“and the times they are a-changin’” … part I

This column is part one of an “opinion” series. Part II will appear on Tuesday, April 19. Scroll to read the lyrics while you listen to the message.

Come gather ’round people
Wherever you roam
And admit that the waters
Around you have grown
And accept it that soon
You’ll be drenched to the bone
If your time to you
Is worth savin’
Then you better start swimmin’
Or you’ll sink like a stone
For the times they are a-changin’.

Come writers and critics
Who prophesize with your pen
And keep your eyes wide
The chance won’t come again
And don’t speak too soon
For the wheel’s still in spin
And there’s no tellin’ who
That it’s namin’
For the loser now
Will be later to win
For the times they are a-changin’.

Come senators, congressmen ([EDITOR’S NOTE] and mayors, supervisors and councilors and GOBs)
Please heed the call
Don’t stand in the doorway
Don’t block up the hall
For he that gets hurt
Will be he who has stalled
There’s a battle outside
And it is ragin’
It’ll soon shake your windows
And rattle your walls
For the times they are a-changin’.

Come mothers and fathers
Throughout the land
And don’t criticize
What you can’t understand
Your sons and your daughters
Are beyond your command
Your old road is
Rapidly agin’
Please get out of the new one
If you can’t lend your hand
For the times they are a-changin’.

The line it is drawn
The curse it is cast
The slow one now
Will later be fast
As the present now
Will later be past
The order is
Rapidly fadin’
And the first one now
Will later be last
For the times they are a-changin’.

SOURCE: Thank you, Bob Dylan!
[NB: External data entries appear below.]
lemma mismatch_on_intervals:
  fixes k2 h :: "real \<Rightarrow> real"
  assumes k2: "piecewise_continuous k2" and ch: "continuous_on UNIV h" and hp: "\<forall>x. h x > 0"
    and fin: "(\<integral>\<^sup>+ x. ennreal (\<bar>k2 x - (h x)\<^sup>2\<bar> / h x) \<partial>lborel) < \<infinity>"
  shows "(\<lambda>t. \<bar>k2 t - (h t)\<^sup>2\<bar> / h t) integrable_on {x..y}"
    and "integral {x..y} (\<lambda>t. \<bar>k2 t - (h t)\<^sup>2\<bar> / h t)
           \<le> enn2real (\<integral>\<^sup>+ x. ennreal (\<bar>k2 x - (h x)\<^sup>2\<bar> / h x) \<partial>lborel)"
proof -
  have fm: "(\<lambda>t. \<bar>k2 t - (h t)\<^sup>2\<bar> / h t) \<in> borel_measurable borel"
    using piecewise_continuous_borel[OF k2] borel_measurable_continuous_onI[OF ch] by measurable
  have fnn: "0 \<le> \<bar>k2 t - (h t)\<^sup>2\<bar> / h t" for t using hp by (simp add: less_imp_le)
  show "(\<lambda>t. \<bar>k2 t - (h t)\<^sup>2\<bar> / h t) integrable_on {x..y}"
    using finite_nn_integral_on_intervals(1)[OF fm fnn fin] .
  show "integral {x..y} (\<lambda>t. \<bar>k2 t - (h t)\<^sup>2\<bar> / h t)
      \<le> enn2real (\<integral>\<^sup>+ x. ennreal (\<bar>k2 x - (h x)\<^sup>2\<bar> / h x) \<partial>lborel)"
    using finite_nn_integral_on_intervals(2)[OF fm fnn fin] .
qed

lemma monotone_log_gauge:
  fixes h h' :: "real \<Rightarrow> real"
  assumes mon: "mono h \<or> antimono h" and hp: "\<forall>x. h x > 0"
    and dh: "\<forall>x. (h has_real_derivative h' x) (at x)"
    and hb: "(h \<longlongrightarrow> km) at_bot" and ht: "(h \<longlongrightarrow> kp) at_top"
    and km: "km > 0" and kp: "kp > 0"
  obtains \<sigma> :: real where "\<forall>x. \<sigma> * h' x = \<bar>h' x\<bar>"
    and "\<forall>x y. \<sigma> * (ln (h y) - ln (h x)) \<le> \<bar>ln (kp / km)\<bar>"
proof (cases "mono h")
  case True
  have "0 \<le> h' x" for x
    by (rule mono_on_imp_deriv_nonneg[of UNIV h]) (use True dh in auto)
  moreover have "ln (h y) - ln (h x) \<le> \<bar>ln (kp / km)\<bar>" for x y
  proof -
    have "h y \<le> kp"
      by (rule tendsto_lowerbound[OF ht]) (auto simp: eventually_at_top_linorder intro!: exI[of _ y] monoD[OF True])
    moreover have "km \<le> h x"
      by (rule tendsto_upperbound[OF hb]) (auto simp: eventually_at_bot_linorder intro!: exI[of _ x] monoD[OF True])
    ultimately have "ln (h y) \<le> ln kp" "ln km \<le> ln (h x)" using hp km kp by auto
    then have "ln (h y) - ln (h x) \<le> ln (kp / km)" using km kp by (simp add: ln_div)
    then show ?thesis using abs_ge_self[of "ln (kp / km)"] by linarith
  qed
  ultimately show ?thesis by (intro that[of 1]) simp_all
next
  case False
  then have am: "antimono h" using mon by blast
  have mn: "mono (\<lambda>x. - h x)" using am by (auto simp: mono_def antimono_def)
  have "0 \<le> - h' x" for x
    by (rule mono_on_imp_deriv_nonneg[of UNIV "\<lambda>x. - h x"]) (use mn DERIV_minus[OF dh[rule_format]] in auto)
  moreover have "ln (h x) - ln (h y) \<le> \<bar>ln (kp / km)\<bar>" for x y
  proof -
    have "kp \<le> h y"
      by (rule tendsto_upperbound[OF ht]) (auto simp: eventually_at_top_linorder intro!: exI[of _ y] antimonoD[OF am])
    moreover have "h x \<le> km"
      by (rule tendsto_lowerbound[OF hb]) (auto simp: eventually_at_bot_linorder intro!: exI[of _ x] antimonoD[OF am])
    ultimately have "ln kp \<le> ln (h y)" "ln (h x) \<le> ln km" using hp km kp by auto
    then have "ln (h x) - ln (h y) \<le> - ln (kp / km)" using km kp by (simp add: ln_div)
    then show ?thesis using abs_ge_minus_self[of "ln (kp / km)"] by linarith
  qed
  ultimately show ?thesis by (intro that[of "-1"]) (simp_all add: abs_of_nonpos)
qed

lemma lipschitz_from_derivative_bound:
  fixes v' w :: "real \<Rightarrow> complex"
  assumes cont: "continuous_on UNIV v'" and lf: "locally_finite_set S"
    and der: "\<forall>t. t \<notin> S \<longrightarrow> (v' has_vector_derivative w t) (at t)"
    and xy: "x \<le> y" and bnd: "\<forall>t\<in>{x..y}. cmod (w t) \<le> M"
  shows "cmod (v' y - v' x) \<le> M * (y - x)"
proof -
  have M0: "0 \<le> M" using bnd xy by (meson atLeastAtMost_iff norm_ge_zero order.trans order_refl)
  have "(w has_integral (v' y - v' x)) {x..y}"
  proof (rule fundamental_theorem_of_calculus_interior_strong[OF locally_finite_set_finite[OF lf] xy])
    show "continuous_on {x..y} v'" using continuous_on_subset[OF cont] by blast
    fix t assume "t \<in> {x<..<y} - S \<inter> {x..y}"
    then show "(v' has_vector_derivative w t) (at t)" using der by auto
  qed
  then have "((\<lambda>t. if t \<in> S then 0 else w t) has_integral (v' y - v' x)) (cbox x y)"
    unfolding cbox_interval
    by (rule has_integral_spike_finite[OF locally_finite_set_finite[OF lf, of x y], rotated]) auto
  moreover have "\<And>t. t \<in> cbox x y \<Longrightarrow> norm (if t \<in> S then 0 else w t) \<le> M"
    using bnd M0 by (simp add: cbox_interval)
  ultimately have "cmod (v' y - v' x) \<le> M * measure lborel (cbox x y)"
    by (rule has_integral_bound[OF M0])
  then show ?thesis using xy by simp
qed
The Times They Are a-Changin’ is singer-songwriter Bob Dylan’s third studio, released in January 1964 by Columbia Records. [Editor’s NOTE: Maureen Dowd, a New York times columnist, wrote a column a few days ago entitled, “Dylan’s trip to China a sad sellout.” In the column, she points out that Dylan deleted this song from his repertoire because his hosts (the government) objected to the message. She says, “The idea that the raspy troubadour of ’60s freedom anthems would go to a dictatorship and not sing those anthems is a whole new kind of sellout – even worse than Beyonce, Maria and Usher collecting millions to croon to Moammar Gadhafi’s family, or Elton John raking in a fortune to serenade gaybashers at Rush Limbaugh’s fourth wedding.” Dictators fear truth – situational ethics for money is almost as bad as being a despot, we think. Shame on you, Bob Dylan.]

One comment

  1. Emerson said, “Every hero becomes a bore at last,” and so it is with Bob Dylan, the high priest of the 60s. Reading some of the quotes in Maureen Dowd’s article, I began to wonder if he was ever sincere about anything at all. Did he believe any of those great, idealistic lyrics he wrote? I guess not. As long as he was selling albums, he would say what he had to say to get where he wanted to go. Just another shallow, insincere celebrity.